MIT Team’s Cough Detector Identifies 97% of COVID-19 Cases Even in Asymptomatic People

Part of the challenge in controlling the coronavirus pandemic is in identifying and isolating infected people quickly – not particularly easy when COVID-19 symptoms aren’t always noticeable, especially early on. Now scientists have developed a new artificial intelligence model that can detect the virus from a simple forced cough.

 

Evidence shows that the AI can spot differences in coughing that can’t be heard with the human ear, and if the detection system can be incorporated into a device like a smartphone, the research team thinks it could become a useful early screening tool.

The work builds on research that was already happening into Alzheimer’s detection through coughing and talking. Once the pandemic started to spread, the team turned its attention to COVID-19 instead, tapping into what had already been learned about how disease can cause very small changes to speech and the other noises we make.

“The sounds of talking and coughing are both influenced by the vocal cords and surrounding organs,” says research scientist Brian Subirana, from the Massachusetts Institute of Technology (MIT).

“This means that when you talk, part of your talking is like coughing, and vice versa.”

“It also means that things we easily derive from fluent speech, AI can pick up simply from coughs, including things like the person’s gender, mother tongue, or even emotional state. There’s in fact sentiment embedded in how you cough.”

 

The Alzheimer’s research repurposed for COVID-19 involved a neural network known as ResNet50. It was trained on a thousand hours of human speech, then on a dataset of words spoken in different emotional states, and then on a database of coughs to spot changes in lung and respiratory performance.

When the three models were combined, a layer of noise was used to filter out stronger coughs from weaker ones. Across around 2,500 captured cough recordings of people confirmed to have COVID-19, the AI correctly identified 97.1 percent of them – and 100 percent of the asymptomatic cases.

That’s an impressive result, but there’s more work to do yet. The researchers emphasise that its main value lies in spotting the difference between healthy coughs and unhealthy coughs in asymptomatic people – not in actually diagnosing COVID-19, which a proper test would be required for. In other words, it’s an early warning system.

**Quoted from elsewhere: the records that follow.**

lemma Splus_eq_sum_ceiling:
  fixes s t q N :: int
  assumes "0 \<le> s" "s < q" "0 < t" "0 \<le> N"
  shows "Splus s t q N = (\<Sum>m\<in>{1..nat ((s + N * t) div q)}.
           N + 1 - \<lceil>real_of_int (int m * q - s) / real_of_int t\<rceil>)"
proof -
  define n where "n = nat ((s + N * t) div q)"
  define c where "c m = \<lceil>real_of_int (int m * q - s) / real_of_int t\<rceil>" for m :: nat
  define P where "P m k \<longleftrightarrow> int m * q \<le> s + k * t" for m :: nat and k :: int
  have P_iff: "P m k \<longleftrightarrow> c m \<le> k" for m k
  proof -
    have "c m \<le> k \<longleftrightarrow> real_of_int (int m * q - s) \<le> real_of_int (k * t)"
      unfolding c_def ceiling_le_iff using assms by (simp add: pos_divide_le_eq)
    then show ?thesis unfolding P_def by linarith
  qed
  have "0 \<le> (s + N * t) div q" using assms by (simp add: pos_imp_zdiv_nonneg_iff)
  then have n: "int m * q \<le> s + N * t \<longleftrightarrow> m \<le> n" for m
    unfolding n_def using assms by (auto simp: int_le_div_iff_mult_le[symmetric] nat_le_iff)
  have row: "(s + k * t) div q = (\<Sum>m\<in>{1..n}. of_bool (P m k))" if "k \<in> {0..N}" for k
  proof -
    have "s + k * t \<le> s + N * t" using that assms by (simp add: mult_right_mono)
    then have "(s + k * t) div q \<le> int n"
      unfolding n_def using assms by (simp add: zdiv_mono1 pos_imp_zdiv_nonneg_iff)
    then show ?thesis unfolding P_def using card_multiples_le that assms by simp
  qed
  have column: "(\<Sum>k\<in>{0..N}. of_bool (P m k)) = N + 1 - c m" if "m \<in> {1..n}" for m
  proof -
    have "q \<le> int m * q" using that assms by simp
    then have "s < int m * q" using assms by linarith
    then have "0 < real_of_int (int m * q - s) / real_of_int t"
      using assms by (intro divide_pos_pos) (simp_all only: of_int_0_less_iff diff_gt_0_iff_gt)
    then have "0 \<le> c m" unfolding c_def by simp
    moreover have "c m \<le> N" using that n P_iff[of m N] unfolding P_def by simp
    ultimately show ?thesis using card_atLeastAtMost_inter_ge[of "c m" N] by (simp add: P_iff)
  qed
  have "Splus s t q N = (\<Sum>k\<in>{0..N}. \<Sum>m\<in>{1..n}. of_bool (P m k))"
    unfolding Splus_def using row by (rule sum.cong[OF refl])
  also have "\<dots> = (\<Sum>m\<in>{1..n}. \<Sum>k\<in>{0..N}. of_bool (P m k))"
    by (rule sum.swap)
  also have "\<dots> = (\<Sum>m\<in>{1..n}. N + 1 - c m)"
    using column by (rule sum.cong[OF refl])
  finally show ?thesis unfolding n_def c_def .
qed

lemma sum_lessThan_int: "(\<Sum>i<n. int i) = int n * (int n - 1) div 2"
  by (induction n) (auto simp: algebra_simps)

“The effective implementation of this group diagnostic tool could diminish the spread of the pandemic if everyone uses it before going to a classroom, a factory, or a restaurant,” says Subirana.

The fact that the test is non-invasive, virtually free to run and speedy to apply adds to its potential usefulness – while it’s not designed to diagnose people with COVID-19 who are already showing symptoms, it could tell you if you should isolate and get a proper test when no major signs of the virus are showing.

The researchers now want to test the engine on a more diverse set of data, and see if there are other factors involved in reaching such an impressively high detection rate. If it does make it to the phone app stage, there are obviously going to be privacy implications too, as few of us will want our devices constantly listening out for signs of ill health.

Once we start to put the coronavirus pandemic behind us, the new research could help feed back into the study of coughs and Alzheimer’s detection. The data show that the neural networks only required slight tweaking in order to be adapted to each condition.

“Our research uncovers a striking similarity between Alzheimer’s and COVID discrimination,” write the researchers in their published paper.

“The exact same biomarkers can be used as a discrimination tool for both, suggesting that perhaps, in addition to temperature, pressure or pulse, there are some higher-level biomarkers that can sufficiently diagnose conditions across specialties once thought mostly disconnected.”

The research has been published in the IEEE Open Journal of Engineering in Medicine and Biology.